● **About this exercise**:
Your answer should be the lines from the start of the records through the line with "by (cases \<rho>)", copied word for word.

● **Data provided**:
----
lemma Uset_eq_root_extensions:
  assumes "\<rho> \<in> Sset ns C P" "y \<in> Uset ns C P \<rho>"
  shows "\<exists>\<pi> N i ys. ys 0 = y \<and> admissible \<pi> N ys \<and> N \<le> ns i \<and>
    Uset ns C P \<rho> = (\<lambda>ts. ts 0) ` extensions (\<pi>, N, i, ys)"
proof -
  obtain \<pi> N i s where \<rho>: "\<rho> = (\<pi>, N, i, s)"
    by (cases \<rho>)
  obtain ys where ys: "ys 0 = y" "\<forall>j<N. ys j \<in> Hset ns C \<and> restr (ys j) {..<ns i} = s j"
    "\<forall>j>i. (\<pi>, N, j, \<lambda>l. restr (ys l) {..<ns j}) \<in> Sset ns C P"
    using assms(2) by (auto simp: Uset_def \<rho>)
  have S: "tree_mapping \<pi> N" "N \<le> ns i" "\<forall>j\<ge>N. s j = (\<lambda>_. False)"
    using assms(1) by (auto simp: Sset_def \<rho>)
  have "admissible \<pi> N ys"
    using admissible_if_Sset_prefixes[of \<pi> N ys i] S(1) ys(2,3) by blast
  moreover have "\<rho> = rho_of (\<pi>, N, i, ys)"
    using ys(2) S(3) by (auto simp: \<rho> fun_eq_iff)
  ultimately have "Uset ns C P \<rho> = (\<lambda>ts. ts 0) ` extensions (\<pi>, N, i, ys)"
    using Uset_rho_of S(2) by simp
  with ys(1) S(2) \<open>admissible \<pi> N ys\<close> show ?thesis
    by blast
qed

lemma openin_extensions_root:
  assumes "admissible \<pi> N xs" "N \<le> ns i"
  shows "openin (tau ns C P) ((\<lambda>ts. ts 0) ` extensions (\<pi>, N, i, xs))"
  unfolding tau_def Uset_rho_of[OF assms, symmetric]
  using rho_of_in_Sset[OF assms] by (intro topology_generated_by_Basis) simp

lemma admissible_glue:
  assumes "admissible \<pi> N xs" "admissible \<pi>' N' ys" "r < N" "xs r = ys 0"
  shows "admissible (glue r \<pi> N \<pi>' N') (N + N' - 1) (glue_tuple N xs ys)"
proof -
  have tree: "tree_mapping \<pi> N" "tree_mapping \<pi>' N'"
    using assms(1,2) by (simp_all add: admissible_def)
  have "glue_tuple N xs ys j \<in> Hset ns C" if "j < N + N' - 1" for j
    using that assms(1,2) by (auto simp: glue_tuple_def admissible_def)
  moreover have "in_Tstar P m d (restr (sadd (glue_tuple N xs ys k) (glue_tuple N xs ys l)) {..<d})"
    if "glue r \<pi> N \<pi>' N' (k, l) = Some m" for k l m d
    using that
  proof (rule glue_SomeE)
    assume "l < N" "\<pi> (k, l) = Some m"
    moreover have "k < N"
      using tree_mapping_edge[OF tree(1), of k l] calculation by simp
    ultimately show ?thesis
      using assms(1) by (simp add: glue_tuple_def admissible_def)
  next
    fix k' l'
    assume "k = glue_index r N k'" "l = glue_index r N l'" "\<pi>' (k', l') = Some m"
    then show ?thesis
      using assms(2-4) by (simp add: glue_tuple_glue_index admissible_def)
  qed
  ultimately show ?thesis
    using tree_mapping_glue[OF tree assms(3)] by (simp add: admissible_def)
qed

lemma admissible_glue_left:
  assumes "admissible (glue r \<pi> N \<pi>' N') (N + N' - 1) ts" "tree_mapping \<pi> N" "tree_mapping \<pi>' N'"
  shows "admissible \<pi> N ts"
proof -
  have "0 < N'"
    using assms(3) by (rule tree_mapping_pos)
  then have "ts j \<in> Hset ns C" if "j < N" for j
    using assms(1) that by (simp add: admissible_def)
  moreover have "in_Tstar P m d (restr (sadd (ts k) (ts l)) {..<d})" if "\<pi> (k, l) = Some m" for k l m d
  proof -
    have "glue r \<pi> N \<pi>' N' (k, l) = Some m"
      using tree_mapping_edge[OF assms(2), of k l] that by simp
    then show ?thesis
      using assms(1) by (simp add: admissible_def)
  qed
  ultimately show ?thesis
    using assms(2) by (simp add: admissible_def)
qed

lemma admissible_glue_right:
  assumes "admissible (glue r \<pi> N \<pi>' N') (N + N' - 1) ts" "tree_mapping \<pi>' N'" "r < N"
  shows "admissible \<pi>' N' (ts \<circ> glue_index r N)"
proof -
  have "ts (glue_index r N j) \<in> Hset ns C" if "j < N'" for j
    using assms(1) glue_index_less[OF assms(3) that] by (simp add: admissible_def)
  moreover have "in_Tstar P m d (restr (sadd (ts (glue_index r N k)) (ts (glue_index r N l))) {..<d})"
    if "\<pi>' (k, l) = Some m" for k l m d
  proof -
    have "glue r \<pi> N \<pi>' N' (glue_index r N k, glue_index r N l) = Some m"
      using tree_mapping_edge[OF assms(2), of k l] that glue_glue_index[OF assms(3)] by simp
    then show ?thesis
      using assms(1) by (simp add: admissible_def)
  qed
  ultimately show ?thesis
    using assms(2) by (simp add: admissible_def)
qed

lemma extensions_glue:
  assumes "ts \<in> extensions (glue r \<pi> N \<pi>' N', N + N' - 1, i, glue_tuple N xs ys)"
    and "tree_mapping \<pi> N" "tree_mapping \<pi>' N'" "r < N" "xs r = ys 0" "i1 \<le> i" "i2 \<le> i"
  shows "ts \<in> extensions (\<pi>, N, i1, xs)" and "ts \<circ> glue_index r N \<in> extensions (\<pi>', N', i2, ys)"
proof -
  have adm: "admissible (glue r \<pi> N \<pi>' N') (N + N' - 1) ts"
    and agree: "\<And>j. j < N + N' - 1 \<Longrightarrow> \<forall>k<ns i. ts j k = glue_tuple N xs ys j k"
    using assms(1) by (auto simp: restr_eq_restr_iff)
  have "0 < N'"
    using assms(3) by (rule tree_mapping_pos)
  have "restr (ts j) {..<ns i1} = restr (xs j) {..<ns i1}" if "j < N" for j
    using agree[of j] that \<open>0 < N'\<close> ns_mono[OF assms(6)]
    by (auto simp: restr_eq_restr_iff glue_tuple_def)
  with admissible_glue_left[OF adm assms(2,3)] show "ts \<in> extensions (\<pi>, N, i1, xs)"
    by simp
  have "restr (ts (glue_index r N j)) {..<ns i2} = restr (ys j) {..<ns i2}" if "j < N'" for j
    using agree[OF glue_index_less[OF assms(4) that]] ns_mono[OF assms(7)]
    by (auto simp: restr_eq_restr_iff glue_tuple_glue_index[of r N xs ys, OF assms(4,5)])
  with admissible_glue_right[OF adm assms(3,4)] show "ts \<circ> glue_index r N \<in> extensions (\<pi>', N', i2, ys)"
    by simp
qed

lemma root_extensions_Int:
  assumes "admissible \<pi>1 N1 xs" "admissible \<pi>2 N2 zs" "xs 0 = zs 0"
  shows "\<exists>\<pi> N i ys. ys 0 = xs 0 \<and> admissible \<pi> N ys \<and> N \<le> ns i \<and>
    (\<lambda>ts. ts 0) ` extensions (\<pi>, N, i, ys) \<subseteq>
      (\<lambda>ts. ts 0) ` extensions (\<pi>1, N1, i1, xs) \<inter> (\<lambda>ts. ts 0) ` extensions (\<pi>2, N2, i2, zs)"
proof -
  have tree: "tree_mapping \<pi>1 N1" "tree_mapping \<pi>2 N2"
    using assms(1,2) by (simp_all add: admissible_def)
  then have "0 < N1"
    by (simp add: tree_mapping_pos)
  define i where "i = i1 + i2 + N1 + N2"
  let ?c = "(glue 0 \<pi>1 N1 \<pi>2 N2, N1 + N2 - 1, i, glue_tuple N1 xs zs)"
  have "(\<lambda>ts. ts 0) ` extensions ?c \<subseteq>
      (\<lambda>ts. ts 0) ` extensions (\<pi>1, N1, i1, xs) \<inter> (\<lambda>ts. ts 0) ` extensions (\<pi>2, N2, i2, zs)"
  proof (rule image_subsetI)
    fix ts
    assume ts: "ts \<in> extensions ?c"
    have "i1 \<le> i" "i2 \<le> i"
      by (simp_all add: i_def)
    note ext = extensions_glue[OF ts tree \<open>0 < N1\<close> assms(3) this]
    have 1: "ts \<in> extensions (\<pi>1, N1, i1, xs)"
      and 2: "ts \<circ> glue_index 0 N1 \<in> extensions (\<pi>2, N2, i2, zs)"
      by (fact ext)+
    have "ts 0 \<in> (\<lambda>ts. ts 0) ` extensions (\<pi>1, N1, i1, xs)"
      using 1 by blast
    moreover have "(ts \<circ> glue_index 0 N1) 0 \<in> (\<lambda>ts. ts 0) ` extensions (\<pi>2, N2, i2, zs)"
      using 2 by blast
    ultimately show "ts 0 \<in> (\<lambda>ts. ts 0) ` extensions (\<pi>1, N1, i1, xs) \<inter> (\<lambda>ts. ts 0) ` extensions (\<pi>2, N2, i2, zs)"
      by (simp add: glue_index_def)
  qed
  moreover have "admissible (glue 0 \<pi>1 N1 \<pi>2 N2) (N1 + N2 - 1) (glue_tuple N1 xs zs)"
    using admissible_glue[OF assms(1,2) \<open>0 < N1\<close> assms(3)] .
  moreover have "N1 + N2 - 1 \<le> ns i"
    using le_ns[of i] by (simp add: i_def)
  moreover have "glue_tuple N1 xs zs 0 = xs 0"
    using \<open>0 < N1\<close> by (simp add: glue_tuple_def)
  ultimately show ?thesis
    by (intro exI[of _ "glue 0 \<pi>1 N1 \<pi>2 N2"] exI[of _ "N1 + N2 - 1"] exI[of _ i]
        exI[of _ "glue_tuple N1 xs zs"]) simp
qed

lemma local_base:
  assumes "openin (tau ns C P) W" "y \<in> W"
  shows "\<exists>\<pi> N i ys. ys 0 = y \<and> admissible \<pi> N ys \<and> N \<le> ns i \<and>
    (\<lambda>ts. ts 0) ` extensions (\<pi>, N, i, ys) \<subseteq> W"
proof -
  have "generate_topology_on (Uset ns C P ` Sset ns C P) W"
    using assms(1) by (simp add: tau_def openin_topology_generated_by_iff)
  then show ?thesis
    using assms(2)
  proof (induction arbitrary: y)
    case Empty
    then show ?case
      by simp
  next
    case (Int a b)
    then have "y \<in> a" "y \<in> b"
      by simp_all
    obtain \<pi>1 N1 i1 xs where 1: "xs 0 = y" "admissible \<pi>1 N1 xs"
      "(\<lambda>ts. ts 0) ` extensions (\<pi>1, N1, i1, xs) \<subseteq> a"
      using Int.IH(1)[OF \<open>y \<in> a\<close>] by blast
    obtain \<pi>2 N2 i2 zs where 2: "zs 0 = y" "admissible \<pi>2 N2 zs"
      "(\<lambda>ts. ts 0) ` extensions (\<pi>2, N2, i2, zs) \<subseteq> b"
      using Int.IH(2)[OF \<open>y \<in> b\<close>] by blast
    have "xs 0 = zs 0"
      using 1(1) 2(1) by simp
    from root_extensions_Int[OF 1(2) 2(2) this, of i1 i2]
    obtain \<pi> N i ys where ys: "ys 0 = xs 0" "admissible \<pi> N ys" "N \<le> ns i"
      "(\<lambda>ts. ts 0) ` extensions (\<pi>, N, i, ys) \<subseteq>
        (\<lambda>ts. ts 0) ` extensions (\<pi>1, N1, i1, xs) \<inter> (\<lambda>ts. ts 0) ` extensions (\<pi>2, N2, i2, zs)"
      by blast
    have "(\<lambda>ts. ts 0) ` extensions (\<pi>, N, i, ys) \<subseteq> a \<inter> b"
      using ys(4) 1(3) 2(3) by blast
    with ys(1-3) 1(1) show ?case
      by (intro exI[of _ \<pi>] exI[of _ N] exI[of _ i] exI[of _ ys]) simp
  next
    case (UN K)
    then obtain k where k: "k \<in> K" "y \<in> k"
      by blast
    obtain \<pi> N i ys where ys: "ys 0 = y" "admissible \<pi> N ys" "N \<le> ns i"
      "(\<lambda>ts. ts 0) ` extensions (\<pi>, N, i, ys) \<subseteq> k"
      using UN.IH[OF k] by blast
    have "(\<lambda>ts. ts 0) ` extensions (\<pi>, N, i, ys) \<subseteq> \<Union>K"
      using ys(4) k(1) by blast
    with ys(1-3) show ?case
      by blast
  next
    case (Basis s)
    then obtain \<rho> where \<rho>: "\<rho> \<in> Sset ns C P" "s = Uset ns C P \<rho>"
      by blast
    with Basis.prems obtain \<pi> N i ys where "ys 0 = y" "admissible \<pi> N ys" "N \<le> ns i"
      "Uset ns C P \<rho> = (\<lambda>ts. ts 0) ` extensions (\<pi>, N, i, ys)"
      using Uset_eq_root_extensions[of \<rho> y] by blast
    with \<rho>(2) show ?case
      by (intro exI[of _ \<pi>] exI[of _ N] exI[of _ i] exI[of _ ys]) simp
  qed
qed

lemma admissible_swap_root:
  assumes "admissible \<pi> N xs" "\<pi> (0, 1) \<noteq> None"
  shows "admissible (swap_root \<pi>) N (xs \<circ> flip01)"
proof -
  have tree: "tree_mapping \<pi> N"
    using assms(1) by (simp add: admissible_def)
  have N: "2 \<le> N"
    using tree_mapping_edge[OF tree assms(2)] by simp
  have "xs (flip01 j) \<in> Hset ns C" if "j < N" for j
    using assms(1) that flip01_less[OF N, of j] by (simp add: admissible_def)
  moreover have "in_Tstar P m d (restr (sadd (xs (flip01 k)) (xs (flip01 l))) {..<d})"
    if "swap_root \<pi> (k, l) = Some m" for k l m d
  proof (cases "{k, l} = {0, 1}")
    case True
    then have "\<pi> (k, l) = Some m"
      using that by (simp add: swap_root_def)
    moreover have "flip01 k = l" "flip01 l = k"
      using flip01_pair[OF True] by simp_all
    ultimately show ?thesis
      using assms(1) sadd_commute[of "xs l" "xs k"] by (simp add: admissible_def)
  next
    case False
    then have "\<pi> (flip01 k, flip01 l) = Some m"
      using that by (simp add: swap_root_apply)
    then show ?thesis
      using assms(1) by (simp add: admissible_def)
  qed
  ultimately show ?thesis
    using tree_mapping_swap_root[OF tree assms(2)] by (simp add: admissible_def)
qed

lemma extensions_swap_root:
  assumes "ts \<in> extensions (\<pi>, N, i, xs)" "\<pi> (0, 1) \<noteq> None"
  shows "ts \<circ> flip01 \<in> extensions (swap_root \<pi>, N, i, xs \<circ> flip01)"
proof -
  have "2 \<le> N"
    using assms tree_mapping_edge[of \<pi> N 0 1] by (simp add: admissible_def)
  then have "restr (ts (flip01 j)) {..<ns i} = restr (xs (flip01 j)) {..<ns i}" if "j < N" for j
    using assms(1) that flip01_less by simp
  then show ?thesis
    using assms admissible_swap_root by simp
qed

lemma coordinate_one_extensions:
  assumes "\<pi> (0, 1) \<noteq> None"
  shows "(\<lambda>ts. ts 1) ` extensions (\<pi>, N, i, xs)
    = (\<lambda>ts. ts 0) ` extensions (swap_root \<pi>, N, i, xs \<circ> flip01)"
proof (intro equalityI image_subsetI)
  fix ts
  assume "ts \<in> extensions (\<pi>, N, i, xs)"
  then have "ts \<circ> flip01 \<in> extensions (swap_root \<pi>, N, i, xs \<circ> flip01)"
    using extensions_swap_root assms by blast
  then show "ts 1 \<in> (\<lambda>ts. ts 0) ` extensions (swap_root \<pi>, N, i, xs \<circ> flip01)"
    by (rule image_eqI[rotated]) simp
next
  fix ts
  assume "ts \<in> extensions (swap_root \<pi>, N, i, xs \<circ> flip01)"
  moreover have "swap_root \<pi> (0, 1) \<noteq> None"
    using assms by (simp only: swap_root_01 not_False_eq_True)
  ultimately have "ts \<circ> flip01 \<in> extensions (swap_root (swap_root \<pi>), N, i, xs \<circ> flip01 \<circ> flip01)"
    by (rule extensions_swap_root)
  then have "ts \<circ> flip01 \<in> extensions (\<pi>, N, i, xs)"
    by (simp only: swap_root_swap_root comp_assoc transpose_comp_involutory comp_id)
  then show "ts 0 \<in> (\<lambda>ts. ts 1) ` extensions (\<pi>, N, i, xs)"
    by (rule image_eqI[rotated]) simp
qed

fun proper :: "config \<Rightarrow> bool" where
  "proper (\<pi>, N, i, xs) \<longleftrightarrow> admissible \<pi> N xs \<and> N \<le> ns i \<and> \<pi> (0, 1) \<noteq> None"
----
● **Problem solution**:
lemma Uset_eq_root_extensions:
  assumes "\<rho> \<in> Sset ns C P" "y \<in> Uset ns C P \<rho>"
  shows "\<exists>\<pi> N i ys. ys 0 = y \<and> admissible \<pi> N ys \<and> N \<le> ns i \<and>
    Uset ns C P \<rho> = (\<lambda>ts. ts 0) ` extensions (\<pi>, N, i, ys)"
proof -
  obtain \<pi> N i s where \<rho>: "\<rho> = (\<pi>, N, i, s)"
    by (cases \<rho>)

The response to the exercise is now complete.